_Work task_:
Please write out exactly, and only, the lines from the first in the material below to the line containing "K \<Longrightarrow> card", both included.

_Dataset records_:
_ _ _ _ _ _ _
section \<open>Sums of eigenvalues\<close>

lemma ex_subset_of_smallest:
  fixes lam :: "'a \<Rightarrow> real"
  assumes K: "finite K" and p: "p \<le> card K"
  shows "\<exists>S\<subseteq>K. card S = p \<and> (\<forall>i\<in>S. \<forall>j\<in>K - S. lam i \<le> lam j)"
  using p
proof (induction p)
  case 0
  show ?case
    by (intro exI[of _ "{}"]) simp
next
  case (Suc p)
  then obtain S where S: "S \<subseteq> K" "card S = p" "\<forall>i\<in>S. \<forall>j\<in>K - S. lam i \<le> lam j"
    by auto
  have "finite S"
    using K S(1) by (rule finite_subset[rotated])
  have "K - S \<noteq> {}"
    using Suc.prems S card_mono[OF K, of S] by auto
  then have "Min (lam ` (K - S)) \<in> lam ` (K - S)"
    using K by (intro Min_in) auto
  then obtain j where j: "j \<in> K - S" "lam j = Min (lam ` (K - S))"
    by auto
  then have j_min: "lam j \<le> lam j'" if "j' \<in> K - S" for j'
    using K that by simp
  show ?case
  proof (intro exI[of _ "insert j S"] conjI)
    show "insert j S \<subseteq> K" "card (insert j S) = Suc p"
      using S j \<open>finite S\<close> by auto
    show "\<forall>i\<in>insert j S. \<forall>k\<in>K - insert j S. lam i \<le> lam k"
      using S j_min by auto
  qed
qed

lemma ex_threshold:
  fixes lam :: "'a \<Rightarrow> real"
  assumes "finite S" "finite T" and le: "\<forall>i\<in>S. \<forall>j\<in>T. lam i \<le> lam j"
  obtains m where "\<forall>i\<in>S. lam i \<le> m" and "\<forall>j\<in>T. m \<le> lam j"
proof (cases "S = {}")
  case True
  show ?thesis
    by (rule that[of "if T = {} then 0 else Min (lam ` T)"]) (use assms True in auto)
next
  case False
  show ?thesis
    by (rule that[of "Max (lam ` S)"]) (use assms False in \<open>auto simp: Max_le_iff\<close>)
qed

lemma sum_mult_nonneg_of_p_sums_nonneg:
  fixes lam w :: "'a \<Rightarrow> real"
  assumes K: "finite K" and p: "p \<le> card K"
    and p_sums: "\<And>S. S \<subseteq> K \<Longrightarrow> card S = p \<Longrightarrow> 0 \<le> (\<Sum>i\<in>S. lam i)"
    and w: "\<And>i. i \<in> K \<Longrightarrow> 0 \<le> w i \<and> w i \<le> c" and c: "0 \<le> c"
    and sum_w: "(\<Sum>i\<in>K. w i) = real p * c"
  shows "0 \<le> (\<Sum>i\<in>K. lam i * w i)"
proof -
  obtain S where S: "S \<subseteq> K" "card S = p" and S_low: "\<forall>i\<in>S. \<forall>j\<in>K - S. lam i \<le> lam j"
    using ex_subset_of_smallest[OF K p] by blast
  have "finite S"
    using K S(1) by (rule finite_subset[rotated])
  obtain m where m_ge: "\<forall>i\<in>S. lam i \<le> m" and m_le: "\<forall>j\<in>K - S. m \<le> lam j"
    using ex_threshold[OF \<open>finite S\<close> _ S_low] K by blast
  have split: "(\<Sum>i\<in>K. f i) = (\<Sum>i\<in>S. f i) + (\<Sum>i\<in>K - S. f i)" for f :: "'a \<Rightarrow> real"
    using sum.subset_diff[OF S(1) K] by (simp add: add.commute)
  \<comment> \<open>moving weight from the \<open>p\<close> smallest values to the others only increases the sum\<close>
  have "(\<Sum>i\<in>K. lam i * w i) - c * (\<Sum>i\<in>S. lam i)
        = (\<Sum>i\<in>S. lam i * (w i - c)) + (\<Sum>i\<in>K - S. lam i * w i)"
    unfolding split by (simp add: sum_distrib_left algebra_simps sum_subtractf)
  also have "\<dots> \<ge> (\<Sum>i\<in>S. m * (w i - c)) + (\<Sum>i\<in>K - S. m * w i)"
  proof (intro add_mono sum_mono)
    fix i assume "i \<in> S"
    then show "m * (w i - c) \<le> lam i * (w i - c)"
      using m_ge w S(1) by (intro mult_right_mono_neg) auto
  next
    fix i assume "i \<in> K - S"
    then show "m * w i \<le> lam i * w i"
      using m_le w by (intro mult_right_mono) auto
  qed
  also have "(\<Sum>i\<in>S. m * (w i - c)) + (\<Sum>i\<in>K - S. m * w i) = m * ((\<Sum>i\<in>K. w i) - real p * c)"
    unfolding split using S(2) by (simp add: sum_distrib_left[symmetric] sum_subtractf algebra_simps)
  finally have "c * (\<Sum>i\<in>S. lam i) \<le> (\<Sum>i\<in>K. lam i * w i)"
    using sum_w by simp
  moreover have "0 \<le> c * (\<Sum>i\<in>S. lam i)"
    using c p_sums[OF S] by simp
  ultimately show ?thesis
    by linarith
qed

lemma proots_prod_list_linear: "proots (\<Prod>a\<leftarrow>xs. [:- a, 1:]) = mset (xs :: 'a :: idom list)"
proof (induction xs)
  case (Cons x xs)
  have "(\<Prod>a\<leftarrow>xs. [:- a, 1:]) \<noteq> 0"
    by (auto simp: prod_list_zero_iff)
  then have "proots (\<Prod>a\<leftarrow>x # xs. [:- a, 1:]) = proots [:- x, 1:] + proots (\<Prod>a\<leftarrow>xs. [:- a, 1:])"
    by (simp only: prod_list.Cons list.map, intro proots_mult) auto
  then show ?case
    using Cons.IH by simp
qed simp

lemma eigvals_eq_diagonal:
  fixes A U :: "nat \<Rightarrow> nat \<Rightarrow> real"
  assumes U: "orthogonal_matrix_on {..<n} U"
    and A: "\<And>i j. i < n \<Longrightarrow> j < n \<Longrightarrow> A i j = (\<Sum>m<n. l m * U i m * U j m)"
  shows "eigvals n A = image_mset l (mset_set {..<n})"
proof -
  define P where "P = mat n n (\<lambda>(i, j). U i j)"
  define P' where "P' = mat n n (\<lambda>(i, j). U j i)"
  define D where "D = mat n n (\<lambda>(i, j). if i = j then l i else 0)"
  have carrier: "P \<in> carrier_mat n n" "P' \<in> carrier_mat n n" "D \<in> carrier_mat n n"
    unfolding P_def P'_def D_def by auto
  have "P * P' = 1\<^sub>m n"
    using orthogonal_matrix_on_rows[OF U]
    by (intro eq_matI) (auto simp: P_def P'_def scalar_prod_def lessThan_atLeast0)
  moreover have "P' * P = 1\<^sub>m n"
    using orthogonal_matrix_on_cols[OF U]
    by (intro eq_matI) (auto simp: P_def P'_def scalar_prod_def lessThan_atLeast0)
  moreover have "qf_mat n A = P * D * P'"
  proof (rule eq_matI)
    fix i j assume ij: "i < dim_row (P * D * P')" "j < dim_col (P * D * P')"
    have "(P * D) $$ (i, k) = U i k * l k" if "k < n" for k
      using ij that by (simp add: P_def D_def scalar_prod_def if_distrib[where f="\<lambda>x. _ * x"] cong: if_cong)
    then show "qf_mat n A $$ (i, j) = (P * D * P') $$ (i, j)"
      using ij carrier by (simp add: qf_mat_def A P'_def scalar_prod_def lessThan_atLeast0 mult_ac)
  qed (simp_all add: qf_mat_def P_def P'_def)
  ultimately have "similar_mat (qf_mat n A) D"
    unfolding similar_mat_def similar_mat_wit_def using carrier
    by (intro exI[of _ P] exI[of _ P']) (auto simp: qf_mat_def)
  then have "char_poly (qf_mat n A) = char_poly D"
    by (rule char_poly_similar)
  also have "\<dots> = (\<Prod>a\<leftarrow>diag_mat D. [:- a, 1:])"
    by (rule char_poly_upper_triangular[OF carrier(3)]) (auto simp: upper_triangular_def D_def)
  also have "diag_mat D = map l [0..<n]"
    by (simp add: diag_mat_def D_def)
  finally have "char_poly (qf_mat n A) = (\<Prod>a\<leftarrow>map l [0..<n]. [:- a, 1:])" .
  then show ?thesis
    unfolding eigvals_def by (simp only: proots_prod_list_linear) (simp add: mset_map mset_upt lessThan_atLeast0)
qed

lemma p_pos_semidef_diagonal:
  fixes A U :: "nat \<Rightarrow> nat \<Rightarrow> real"
  assumes psd: "p_pos_semidef n p A" and U: "orthogonal_matrix_on {..<n} U"
    and A: "\<forall>i\<in>{..<n}. \<forall>j\<in>{..<n}. A i j = (\<Sum>m<n. l m * U i m * U j m)"
    and S: "S \<subseteq> {..<n}" "card S = p"
  shows "0 \<le> (\<Sum>i\<in>S. l i)"
proof -
  have "eigvals n A = image_mset l (mset_set {..<n})"
    using A by (intro eigvals_eq_diagonal[OF U]) auto
  then have "image_mset l (mset_set S) \<subseteq># eigvals n A"
    using S by (auto intro: image_mset_subseteq_mono subset_imp_msubset_mset_set)
  then show ?thesis
    using psd S unfolding p_pos_semidef_def by (auto simp: sum_unfold_sum_mset)
qed

lemma p_pos_semidef_trace_nonneg:
  fixes A G :: "nat \<Rightarrow> nat \<Rightarrow> real"
  assumes p: "p \<le> n" and sym: "\<And>i j. i < n \<Longrightarrow> j < n \<Longrightarrow> A i j = A j i"
    and psd: "p_pos_semidef n p A"
    and G_nonneg: "\<And>x. 0 \<le> (\<Sum>j<n. \<Sum>k<n. x j * x k * G j k)"
    and G_le: "\<And>x. (\<Sum>j<n. \<Sum>k<n. x j * x k * G j k) \<le> c * (\<Sum>j<n. x j * x j)"
    and G_trace: "(\<Sum>j<n. G j j) = real p * c" and c: "0 \<le> c"
  shows "0 \<le> (\<Sum>j<n. \<Sum>k<n. A j k * G j k)"
proof -
  obtain U l where U: "orthogonal_matrix_on {..<n} U"
    and A: "\<forall>i\<in>{..<n}. \<forall>j\<in>{..<n}. A i j = (\<Sum>m<n. l m * U i m * U j m)"
    using symmetric_matrix_diagonalization[of "{..<n}" A] sym by auto
  have l_sums: "0 \<le> (\<Sum>i\<in>S. l i)" if "S \<subseteq> {..<n}" "card S = p" for S
    using p_pos_semidef_diagonal[OF psd U A that] .
  \<comment> \<open>\<open>tr (A G) = \<Sum>\<^sub>m l\<^sub>m w\<^sub>m\<close> with weights \<open>w\<^sub>m = u\<^sub>m\<^sup>T G u\<^sub>m \<in> [0, c]\<close> summing to \<open>p c\<close>\<close>
  define w where "w m = (\<Sum>j<n. \<Sum>k<n. U j m * U k m * G j k)" for m
  have w: "0 \<le> w m \<and> w m \<le> c" if "m < n" for m
    using G_nonneg[of "\<lambda>j. U j m"] G_le[of "\<lambda>j. U j m"] orthogonal_matrix_on_cols[OF U, of m m] that
    unfolding w_def by simp
  have "(\<Sum>m<n. w m) = (\<Sum>j<n. \<Sum>k<n. (\<Sum>m<n. U j m * U k m) * G j k)"
    unfolding w_def sum_distrib_right
    by (subst sum.swap, rule sum.cong[OF refl], subst sum.swap, simp)
  also have "\<dots> = (\<Sum>j<n. \<Sum>k<n. of_bool (j = k) * G j k)"
    by (intro sum.cong refl) (simp add: orthogonal_matrix_on_rows[OF U])
  also have "\<dots> = (\<Sum>j<n. G j j)"
    by simp
  finally have sum_w: "(\<Sum>m<n. w m) = real p * c"
    using G_trace by simp
  have "0 \<le> (\<Sum>m<n. l m * w m)"
    using p l_sums w c sum_w by (intro sum_mult_nonneg_of_p_sums_nonneg[where c = c]) auto
  also have "(\<Sum>m<n. l m * w m) = (\<Sum>j<n. \<Sum>k<n. (\<Sum>m<n. l m * U j m * U k m) * G j k)"
    unfolding w_def sum_distrib_left sum_distrib_right
    by (subst sum.swap, rule sum.cong[OF refl], subst sum.swap, simp add: mult_ac)
  also have "\<dots> = (\<Sum>j<n. \<Sum>k<n. A j k * G j k)"
    using A by simp
  finally show ?thesis .
qed

section \<open>Interior and exterior products of forms\<close>

lemma finite_idx [simp]: "finite (idx n p)"
  unfolding idx_def by (rule finite_subset[of _ "Pow {..<n}"]) auto

lemma forms_zero_outside: "f \<in> forms n p \<Longrightarrow> I \<notin> idx n p \<Longrightarrow> f I = 0"
  unfolding forms_def idx_def by auto

lemma sgn_pos_mult_self [simp]: "sgn_pos k B * sgn_pos k B = 1"
  unfolding sgn_pos_def by (simp add: power_mult_distrib[symmetric])

lemma sgn_pos_cancel: "sgn_pos k B * a * (sgn_pos k B * b) = (a * b :: real)"
proof -
  have "sgn_pos k B * a * (sgn_pos k B * b) = (sgn_pos k B * sgn_pos k B) * (a * b)"
    by (simp only: mult_ac)
  then show ?thesis
    by simp
qed

lemma sgn_pos_insert:
  assumes "a \<notin> B"
  shows "sgn_pos k (insert a B) = (if a < k then - sgn_pos k B else sgn_pos k B)"
proof -
  have fin: "finite {i \<in> B. i < k}"
    by (rule finite_subset[of _ "{..<k}"]) auto
  show ?thesis
  proof (cases "a < k")
    case True
    then have "{i \<in> insert a B. i < k} = insert a {i \<in> B. i < k}"
      by auto
    then have "card {i \<in> insert a B. i < k} = Suc (card {i \<in> B. i < k})"
      using fin assms by simp
    then show ?thesis
      using True unfolding sgn_pos_def by simp
  next
    case False
    then have "{i \<in> insert a B. i < k} = {i \<in> B. i < k}"
      by auto
    then show ?thesis
      using False unfolding sgn_pos_def by simp
  qed
qed

lemma sum_idx_remove_insert:
  fixes h :: "nat set \<Rightarrow> nat \<Rightarrow> real"
  assumes p: "1 \<le> p"
  shows "(\<Sum>J\<in>idx n p. \<Sum>k\<in>J. h (J - {k}) k) = (\<Sum>I\<in>idx n (p - 1). \<Sum>j\<in>{..<n} - I. h I j)"
proof -
  define L where "L = Sigma (idx n p) (\<lambda>J. J)"
  define R where "R = Sigma (idx n (p - 1)) (\<lambda>I. {..<n} - I)"
  have fin: "finite J" if "J \<in> idx n q" for J q
    using that unfolding idx_def by (auto intro: finite_subset)
  have bij: "bij_betw (\<lambda>(I, j). (insert j I, j)) R L"
  proof (rule bij_betw_byWitness[where f' = "\<lambda>(J, k). (J - {k}, k)"])
    show "\<forall>x\<in>R. (\<lambda>(J, k). (J - {k}, k)) ((\<lambda>(I, j). (insert j I, j)) x) = x"
      unfolding R_def by auto
    show "\<forall>x\<in>L. (\<lambda>(I, j). (insert j I, j)) ((\<lambda>(J, k). (J - {k}, k)) x) = x"
      unfolding L_def by (auto simp: insert_absorb)
    show "(\<lambda>(I, j). (insert j I, j)) ` R \<subseteq> L"
      using p fin unfolding R_def L_def idx_def by auto
    show "(\<lambda>(J, k). (J - {k}, k)) ` L \<subseteq> R"
      using fin unfolding R_def L_def idx_def by auto
  qed
  have "(\<Sum>J\<in>idx n p. \<Sum>k\<in>J. h (J - {k}) k) = (\<Sum>(J, k)\<in>L. h (J - {k}) k)"
    unfolding L_def by (rule sum.Sigma) (auto intro: fin)
  also have "\<dots> = (\<Sum>(I, j)\<in>R. h I j)"
    by (subst sum.reindex_bij_betw[OF bij, symmetric]) (auto simp: R_def intro!: sum.cong)
  also have "\<dots> = (\<Sum>I\<in>idx n (p - 1). \<Sum>j\<in>{..<n} - I. h I j)"
    unfolding R_def by (rule sum.Sigma[symmetric]) auto
  finally show ?thesis .
qed

text \<open>\<open>contract n x g\<close> is \<open>x \<lrcorner> g\<close> for the vector \<open>x = x\<^sub>j e\<^sub>j\<close>, and \<open>wedge_basis k g\<close> below is \<open>\<omega>\<^sup>k \<and> g\<close>.\<close>

definition contract :: "nat \<Rightarrow> (nat \<Rightarrow> real) \<Rightarrow> form \<Rightarrow> form" where
  "contract n x g = (\<lambda>I. \<Sum>j<n. x j * interior j g I)"

lemma sum_lessThan_Diff: "(\<Sum>j\<in>{..<n::nat} - I. f j) = (\<Sum>j<n. if j \<in> I then 0 else (f j :: real))"
proof -
  have "{..<n} - I = {j \<in> {..<n}. j \<notin> I}"
    by auto
  then have "(\<Sum>j\<in>{..<n} - I. f j) = (\<Sum>j<n. if j \<notin> I then f j else 0)"
    using sum.inter_filter[of "{..<n}" f "\<lambda>j. j \<notin> I"] by simp
  also have "\<dots> = (\<Sum>j<n. if j \<in> I then 0 else f j)"
    by (rule sum.cong) auto
  finally show ?thesis .
qed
_ _ _ _ _ _ _
_Exercise response_:
section \<open>Sums of eigenvalues\<close>

lemma ex_subset_of_smallest:
  fixes lam :: "'a \<Rightarrow> real"
  assumes K: "finite K" and p: "p \<le> card K"
  shows "\<exists>S\<subseteq>K. card S = p \<and> (\<forall>i\<in>S. \<forall>j\<in>K - S. lam i \<le> lam j)"
  using p
proof (induction p)
  case 0
  show ?case
    by (intro exI[of _ "{}"]) simp
next
  case (Suc p)
  then obtain S where S: "S \<subseteq> K" "card S = p" "\<forall>i\<in>S. \<forall>j\<in>K - S. lam i \<le> lam j"
    by auto
  have "finite S"
    using K S(1) by (rule finite_subset[rotated])
  have "K - S \<noteq> {}"
    using Suc.prems S card_mono[OF K, of S] by auto
  then have "Min (lam ` (K - S)) \<in> lam ` (K - S)"
    using K by (intro Min_in) auto
  then obtain j where j: "j \<in> K - S" "lam j = Min (lam ` (K - S))"
    by auto
  then have j_min: "lam j \<le> lam j'" if "j' \<in> K - S" for j'
    using K that by simp
  show ?case
  proof (intro exI[of _ "insert j S"] conjI)
    show "insert j S \<subseteq> K" "card (insert j S) = Suc p"
      using S j \<open>finite S\<close> by auto
    show "\<forall>i\<in>insert j S. \<forall>k\<in>K - insert j S. lam i \<le> lam k"
      using S j_min by auto
  qed
qed

lemma ex_threshold:
  fixes lam :: "'a \<Rightarrow> real"
  assumes "finite S" "finite T" and le: "\<forall>i\<in>S. \<forall>j\<in>T. lam i \<le> lam j"
  obtains m where "\<forall>i\<in>S. lam i \<le> m" and "\<forall>j\<in>T. m \<le> lam j"
proof (cases "S = {}")
  case True
  show ?thesis
    by (rule that[of "if T = {} then 0 else Min (lam ` T)"]) (use assms True in auto)
next
  case False
  show ?thesis
    by (rule that[of "Max (lam ` S)"]) (use assms False in \<open>auto simp: Max_le_iff\<close>)
qed

lemma sum_mult_nonneg_of_p_sums_nonneg:
  fixes lam w :: "'a \<Rightarrow> real"
  assumes K: "finite K" and p: "p \<le> card K"
    and p_sums: "\<And>S. S \<subseteq> K \<Longrightarrow> card S = p \<Longrightarrow> 0 \<le> (\<Sum>i\<in>S. lam i)"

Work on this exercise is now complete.